De Poolse Maria Melania Klingsland (Warschau 1876 – Parijs 1967) groeit op in een Joods gezin, welgesteld, intellectueel en kunstminnend. In Warschau krijgt ze een opleiding in een kunstschool voor vrouwen, waar ze vooral symbolistische landschappen en portretten schildert. In 1901 vestigt ze zich met haar echtgenoot, de schrijver en kunstcriticus Micha Mutermilch in Parijs. Ze stelt zowel tentoon in het Salon d’Automne en het Salon des Indépendants – wat voor vrouwelijke kunstenaars eerder uitzonderlijk is – als in het Salon van de Société des Femmes Artistes Modernes. In Parijs vervolgt ze haar opleiding aan de Académie Colarossi, een alternatief voor de conservatieve academie met ateliers waar ook voor vrouwelijke kunstenaars mannelijke naaktmodellen beschikbaar zijn.
Tijdens de oorlog begint Muter een romance met de Franse schrijver en politiek activist Raymond Lefebvre. Hierdoor krijgt haar werk een geëngageerd en pacifistisch karakter. Het linkse tijdschrift Clarté van Henri Barbusse publiceert van haar politiek geïnspireerd werk. Na de oorlog kent ze veel succes met haar schilderijen over het moederschap. Geen zeemzoete prentjes, maar portretten van door armoede en het hardvochtige leven getekende moeders met verweerde gezichten en door het harde werk vermoeide handen. Deze ‘echte’ vrouwen en kinderen, die ze kende uit Polen en uit Bretagne, zijn ruw maar empathisch afgebeeld.
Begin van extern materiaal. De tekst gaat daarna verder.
(* Let $\mathbb{F}$ be an algebraically closed field of characteristic $0$, $D$ an $\mathbb{F}$-vector space with $\dim D=3$, and $\Gamma\subseteq D^{\ast}$ an additive subgroup with $\Gamma\simeq\mathbb{Z}^3$ and $\bigcap_{\alpha\in\Gamma}\ker\alpha=\{0\}$. Let $M=\bigoplus_{\theta\in\Gamma}M_\theta$ be a $\Gamma$-graded $\mathcal{S}(\Gamma,D)$-module with $\dim M_\theta=1$, $M_\theta=\mathbb{F}w_\theta$. Fix a $\mathbb{Z}$-basis $\{\varepsilon_1,\varepsilon_2,\varepsilon_3\}$ of $\Gamma$ and nonzero $\partial_1\in\ker\varepsilon_2\cap\ker\varepsilon_3$, $\partial_2\in\ker\varepsilon_1\cap\ker\varepsilon_3$, $\partial_3\in\ker\varepsilon_1\cap\ker\varepsilon_2$. Then there exists $\nu\in\Gamma$ satisfying at least one of the following six conditions: (a) $x^{-\varepsilon_2}\partial_1.x^{\varepsilon_2}\partial_1.w_\nu\neq0$ and $x^{-\varepsilon_3}\partial_1.x^{\varepsilon_3}\partial_1.w_\nu\neq0$; (b) $x^{-\varepsilon_1}\partial_2.x^{\varepsilon_1}\partial_2.w_\nu\neq0$ and $x^{-\varepsilon_3}\partial_2.x^{\varepsilon_3}\partial_2.w_\nu\neq0$; (c) $x^{-\varepsilon_1}\partial_3.x^{\varepsilon_1}\partial_3.w_\nu\neq0$ and $x^{-\varepsilon_2}\partial_3.x^{\varepsilon_2}\partial_3.w_\nu\neq0$; (a') $x^{-\varepsilon_3}\partial_1.x^{\varepsilon_3}\partial_1.w_\nu=0$ and $x^{-\varepsilon_3}\partial_2.x^{\varepsilon_3}\partial_2.w_\nu=0$; (b') $x^{-\varepsilon_1}\partial_2.x^{\varepsilon_1}\partial_2.w_\nu=0$ and $x^{-\varepsilon_1}\partial_3.x^{\varepsilon_1}\partial_3.w_\nu=0$; (c') $x^{-\varepsilon_2}\partial_1.x^{\varepsilon_2}\partial_1.w_\nu=0$ and $x^{-\varepsilon_2}\partial_3.x^{\varepsilon_2}\partial_3.w_\nu=0$.
   Context: $\mathcal{S}(\Gamma,D)$ is the Lie algebra spanned by $x^\alpha\partial$ with $\alpha\in\Gamma\setminus\{0\}$, $\partial\in\ker\alpha$ (linear in $\partial$), with bracket $[x^\alpha\partial_1,x^\beta\partial_2]=x^{\alpha+\beta}(\beta(\partial_1)\partial_2-\alpha(\partial_2)\partial_1)$; graded modules satisfy $x^\alpha\partial.M_\theta\subseteq M_{\alpha+\theta}$. *)

theory Defs
  imports Main "HOL-Computational_Algebra.Polynomial"
begin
In de jaren twintig is kunst in Parijs in de mode. Voor het eerst krijgen kunstenaars een plaats in het culturele leven. Er ontstaat een kunstscène die in de cafés, de restaurants en de boulevards van Montparnasse een grote zichtbaarheid geniet. In deze artistieke gemeenschap, de zogenaamde Ecole de Paris, spelen vooral Joodse migranten uit Oost-Europa zoals Chagall, Soutine, Zadkine, Lipchitz en Kisling een belangrijke rol. Hieronder ook heel wat vrouwelijke kunstenaars als Sonia Delaunay, Tamara de Lempicka, Chanah Orloff en Mela Muter. In de art deco gaan vrije en toegepaste kunsten hand in hand. Voor veel vrouwelijke kunstenaars biedt de vervaging van de artistieke grenzen nieuwe mogelijkheden tot creatie en erkenning.
Op mondaine feestjes zijn de avant-gardisten graag geziene gasten. De beau monde laat zich ook door trendy kunstenaars portretteren. Voor schilders is dit een goede zaak, want portretten vallen buiten het contract dat ze met hun marchand hebben afgesloten. En omdat deze opdrachten ‘hors galerie’ verkocht worden hoeven ze ook geen overeengekomen percentage af te staan. Met haar talent, haar intelligentie en haar Slavische charme slaagt Mela Muter er in om iedereen die in het Parijs van die dagen iets betekent voor haar te laten poseren. Naast schrijvers als Tagore, Rilke en Romain Rolland, kunstenaars als Diego Rivera en François Pompon en componisten als Satie, Ravel, Varèse en Honegger vereeuwigt ze zowel illustere onbekenden als de Franse staatsman Georges Clemenceau. Ook Ambroise Vollard zat voor haar model. Dat had deze invloedrijke kunsthandelaar ook al gedaan voor Cézanne en Picasso, twee kunstenaars die Mela Muter sterk beïnvloed hebben.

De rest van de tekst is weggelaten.